Dave's Lecture on the CrowdStrike Issue

Jul 22, 2024

Dave's Lecture on the CrowdStrike Issue

Introduction

  • Speaker: Dave Plumber, retired software engineer from Microsoft.
  • Topics:
    • CrowdStrike issue and blue screen crashes.
    • Kernel mode vs. user mode.
    • Fixing affected machines.

Background

  • Context:
    • Dave's past experience with Windows NT and handling blue screen crashes.
    • Explanation of how Microsoft handled system stress tests.
      • Anti-stress tests: Automated tests on machines to catch bugs in real-time.
      • Debugging: Connecting to target machines, troubleshooting in Assembly Language.

Kernel Mode vs. User Mode

  • Kernel Mode:

    • Core system tasks: hardware interaction, memory management, thread scheduling.
    • Runs at a higher privilege level and has full system access.
    • Crash in kernel mode results in system crash (blue screen).
  • User Mode:

    • Runs application code with limited privileges.
    • Application crashes don't affect the entire system.
  • Interaction:

    • When user mode requires kernel services, it raises exceptions and waits for kernel threads to execute necessary functions.

CrowdStrike Specifics

  • Falcon Sensor: CrowdStrike security product operating in kernel mode.

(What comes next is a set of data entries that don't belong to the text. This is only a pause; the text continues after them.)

(* Fix $0<p<1$ and let $W:L^2(\mu_p)\oplus L^2(\mu_p)\to L^2(\mu_p)$, $W(f,g)=U_0f+U_2g$. Then $W$ is unitary and $$W^*K_\infty W=\begin{pmatrix}pK_\infty+pP_\phi&\sqrt{p(1-p)}P_\phi\\ \sqrt{p(1-p)}P_\phi&(1-p)K_\infty+(1-p)P_\phi\end{pmatrix}.$$
   Context: Let $S_0(x)=x/3$, $S_2(x)=(x+2)/3$ on $[0,1]$ and let $C$ be the middle-third Cantor set. For $0<p<1$, $\mu_p$ is the unique Borel probability measure on $[0,1]$ with $\mu_p=p\,\mu_p\circ S_0^{-1}+(1-p)\,\mu_p\circ S_2^{-1}$. For words $w\in\{0,2\}^n$, $S_w=S_{w_1}\circ\cdots\circ S_{w_n}$, $C_w=S_w(C)$. Inner product $\langle f,g\rangle=\int\overline fg\,d\mu_p$; $\phi=1_C$ and $P_\phi f=\langle\phi,f\rangle\phi$. $K_mf=\sum_{|u|\le m}\langle1_{C_u},f\rangle1_{C_u}$ and $K_\infty=\lim_{m\to\infty}K_m$ in operator norm (this limit exists). $(U_0f)(x)=p^{-1/2}1_{C_0}(x)f(S_0^{-1}(x))$, $(U_2f)(x)=(1-p)^{-1/2}1_{C_2}(x)f(S_2^{-1}(x))$. *)

theory Defs
  imports "HOL-Probability.Probability"
begin

definition S :: "nat \<Rightarrow> real \<Rightarrow> real" where
  "S d x = (x + real d) / 3"

fun Sw :: "nat list \<Rightarrow> real \<Rightarrow> real" where
  "Sw [] = id"
| "Sw (d # w) = S d \<circ> Sw w"

definition words :: "nat \<Rightarrow> nat list set" where
  "words n = {w. length w = n \<and> set w \<subseteq> {0, 2}}"

definition cantor :: "real set" where
  "cantor = (\<Inter>n. \<Union>w\<in>words n. Sw w ` {0..1})"

definition cyl :: "nat list \<Rightarrow> real set" where
  "cyl w = Sw w ` cantor"

definition is_mu :: "real \<Rightarrow> real measure \<Rightarrow> bool" where
  "is_mu p M \<longleftrightarrow> prob_space M \<and> space M = {0..1} \<and>
     sets M = sets (restrict_space borel {0..1::real}) \<and>
     (\<forall>A\<in>sets M. emeasure M A =
        ennreal p * emeasure M (S 0 -` A \<inter> space M)
      + ennreal (1 - p) * emeasure M (S 2 -` A \<inter> space M))"

text \<open>Complex L^2(M) (as functions; equality is up to a.e.)\<close>
definition L2 :: "real measure \<Rightarrow> (real \<Rightarrow> complex) set" where
  "L2 M = {f. f \<in> borel_measurable M \<and> integrable M (\<lambda>x. (cmod (f x))\<^sup>2)}"

definition ip :: "real measure \<Rightarrow> (real \<Rightarrow> complex) \<Rightarrow> (real \<Rightarrow> complex) \<Rightarrow> complex" where
  "ip M f g = (LINT x|M. cnj (f x) * g x)"

definition L2norm :: "real measure \<Rightarrow> (real \<Rightarrow> complex) \<Rightarrow> real" where
  "L2norm M f = sqrt (LINT x|M. (cmod (f x))\<^sup>2)"

definition ind :: "real set \<Rightarrow> real \<Rightarrow> complex" where
  "ind A x = (if x \<in> A then 1 else 0)"

definition Pphi :: "real measure \<Rightarrow> (real \<Rightarrow> complex) \<Rightarrow> real \<Rightarrow> complex" where
  "Pphi M f x = ip M (ind cantor) f * ind cantor x"

definition Km :: "real measure \<Rightarrow> nat \<Rightarrow> (real \<Rightarrow> complex) \<Rightarrow> real \<Rightarrow> complex" where
  "Km M m f x = (\<Sum>u\<in>{u. length u \<le> m \<and> set u \<subseteq> {0, 2}}. ip M (ind (cyl u)) f * ind (cyl u) x)"

text \<open>U_0 f x = p^(-1/2) 1_{C_0}(x) f(S_0^{-1} x), U_2 f x = (1-p)^(-1/2) 1_{C_2}(x) f(S_2^{-1} x)\<close>
definition U0 :: "real \<Rightarrow> (real \<Rightarrow> complex) \<Rightarrow> real \<Rightarrow> complex" where
  "U0 p f x = complex_of_real (1 / sqrt p) * ind (cyl [0]) x * f (3 * x)"

definition U2 :: "real \<Rightarrow> (real \<Rightarrow> complex) \<Rightarrow> real \<Rightarrow> complex" where
  "U2 p f x = complex_of_real (1 / sqrt (1 - p)) * ind (cyl [2]) x * f (3 * x - 2)"
(* A finite simple graph $G$ is a one-dimensional geometric graph if and only if $\Gamma^*(G)=0$.
   Context: A graph $G$ is a one-dimensional geometric graph if there is a map $\pi:V(G)\to\mathbb R$ such that for all distinct $u,v$, $u\sim v$ iff $|\pi(u)-\pi(v)|\le 1$. For a linear order $\prec$ on $V(G)$ and $v\in V(G)$ let $D(v)=\{x: x\prec v\}$, $U(v)=\{x: v\prec x\}$, and $N(v)$ the set of neighbours of $v$. Let $[x]_+=\max(x,0)$. For $A\subseteq V(G)$, $$\Gamma^*(G,\prec,A)=\frac{1}{|V(G)|^3}\sum_{u\prec v}\big[|N(v)\cap A\cap D(u)|-|N(u)\cap A\cap D(u)|\big]_+ +\frac{1}{|V(G)|^3}\sum_{u\prec v}\big[|N(u)\cap A\cap U(v)|-|N(v)\cap A\cap U(v)|\big]_+ ,$$ where the sums run over ordered pairs $(u,v)$ of vertices with $u\prec v$. Further $\Gamma^*(G,\prec)=\max_{A\subseteq V(G)}\Gamma^*(G,\prec,A)$ and $\Gamma^*(G)=\min_{\prec}\Gamma^*(G,\prec)$, the minimum over all linear orderings of $V(G)$. *)

theory Defs
  imports Complex_Main
begin

text \<open>A linear order on V is a strict
linear order r \<subseteq> V \<times> V; (x,v) \<in> r means x \<prec> v.\<close>

definition simple_graph :: "'a set \<Rightarrow> ('a \<Rightarrow> 'a \<Rightarrow> bool) \<Rightarrow> bool" where
  "simple_graph V E \<longleftrightarrow> finite V \<and> (\<forall>u v. E u v \<longrightarrow> u \<in> V \<and> v \<in> V)
     \<and> (\<forall>u v. E u v \<longrightarrow> E v u) \<and> (\<forall>v. \<not> E v v)"

definition one_dim_geometric :: "'a set \<Rightarrow> ('a \<Rightarrow> 'a \<Rightarrow> bool) \<Rightarrow> bool" where
  "one_dim_geometric V E \<longleftrightarrow> (\<exists>\<pi> :: 'a \<Rightarrow> real.
     \<forall>u\<in>V. \<forall>v\<in>V. u \<noteq> v \<longrightarrow> (E u v \<longleftrightarrow> \<bar>\<pi> u - \<pi> v\<bar> \<le> 1))"

definition nbhd :: "'a set \<Rightarrow> ('a \<Rightarrow> 'a \<Rightarrow> bool) \<Rightarrow> 'a \<Rightarrow> 'a set" where
  "nbhd V E v = {x \<in> V. E v x}"

definition down_set :: "'a set \<Rightarrow> 'a rel \<Rightarrow> 'a \<Rightarrow> 'a set" where
  "down_set V r v = {x \<in> V. (x, v) \<in> r}"

definition up_set :: "'a set \<Rightarrow> 'a rel \<Rightarrow> 'a \<Rightarrow> 'a set" where
  "up_set V r v = {x \<in> V. (v, x) \<in> r}"

definition pos_part :: "real \<Rightarrow> real" where
  "pos_part x = max x 0"

definition linear_orders_on :: "'a set \<Rightarrow> 'a rel set" where
  "linear_orders_on V = {r. strict_linear_order_on V r \<and> r \<subseteq> V \<times> V}"

definition Gamma_star_A :: "'a set \<Rightarrow> ('a \<Rightarrow> 'a \<Rightarrow> bool) \<Rightarrow> 'a rel \<Rightarrow> 'a set \<Rightarrow> real" where
  "Gamma_star_A V E r A =
     (1 / real (card V) ^ 3) * (\<Sum>(u, v)\<in>r.
        pos_part (real (card (nbhd V E v \<inter> A \<inter> down_set V r u))
                - real (card (nbhd V E u \<inter> A \<inter> down_set V r u))))
   + (1 / real (card V) ^ 3) * (\<Sum>(u, v)\<in>r.
        pos_part (real (card (nbhd V E u \<inter> A \<inter> up_set V r v))
                - real (card (nbhd V E v \<inter> A \<inter> up_set V r v))))"

definition Gamma_star_ord :: "'a set \<Rightarrow> ('a \<Rightarrow> 'a \<Rightarrow> bool) \<Rightarrow> 'a rel \<Rightarrow> real" where
  "Gamma_star_ord V E r = Max (Gamma_star_A V E r ` Pow V)"

definition Gamma_star :: "'a set \<Rightarrow> ('a \<Rightarrow> 'a \<Rightarrow> bool) \<Rightarrow> real" where
  "Gamma_star V E = Min (Gamma_star_ord V E ` linear_orders_on V)"

end

theory Submission
  imports Defs
begin

(*
  Proof idea. Both conditions of the theorem are equivalent to the existence of an
  "umbrella-free" linear order of V: whenever x < y < z and x ~ z, then also x ~ y and y ~ z.

  Gamma*(G,<,A) is a positive multiple of a sum of positive parts, so it
      vanishes iff every summand does; testing all A \<subseteq> V, the cardinality comparisons
      reduce to set inclusions between neighbourhoods, which say exactly that < is
      umbrella-free. Since Gamma*(G,<) \<ge> 0, Gamma*(G) = 0 iff some order has Gamma*(G,<) = 0.

  Ordering V by the positions \<pi>(v) (ties broken arbitrarily) gives
      an umbrella-free order. Conversely, from an umbrella-free order we build a
      "strict unit representation" -- increasing positions in which adjacent vertices are
      at distance < 1 and non-adjacent ones at distance > 1 -- by induction, inserting the
      vertices in increasing order; the umbrella property guarantees that the constraints
      on the position of each new vertex can be met simultaneously.
*)

definition umbrella_free :: "('a \<Rightarrow> 'a \<Rightarrow> bool) \<Rightarrow> 'a rel \<Rightarrow> bool" where
  "umbrella_free E r \<longleftrightarrow>
     (\<forall>x y z. (x, y) \<in> r \<longrightarrow> (y, z) \<in> r \<longrightarrow> E x z \<longrightarrow> E x y \<and> E y z)"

    • Analyzes application behavior to detect new attacks.
    • Operates as a device driver, giving it deep system access.
  • WHQL Certification: Ensures drivers are tested and certified safe for Windows.

Issue Explanation

  • Dynamic Definition Files: Used to keep CrowdStrike updated against new threats.

    • Allows faster updates but adds risk of unsigned code running in kernel mode.
  • Bug Details:

    • Crash example: Invalid pointer causing a crash (Twitter example).
    • Cause: CrowdsStrike updates had zeroed-out data files leading to crashes.
  • Postmortem Debugging: Identifying the null pointer issue and its upstream causes.

    • Inadequate parameter validation in CrowdStrike driver.

System Recovery

  • Safe Mode: Limited driver loading allowing access to fix crashed systems.
    • Steps:
      1. Boot into safe mode.
      2. Navigate to system32/drivers/CrowdStrike folder.
      3. Delete the faulty driver C000000291.sys.
      4. Reboot the system which should then function normally.

Conclusion

  • Emphasis on understanding kernel and user mode differences and the implications for system stability.
  • Practical steps to fix systems affected by the CrowdStrike issue.
  • Additional resources: Dave's book on autism spectrum.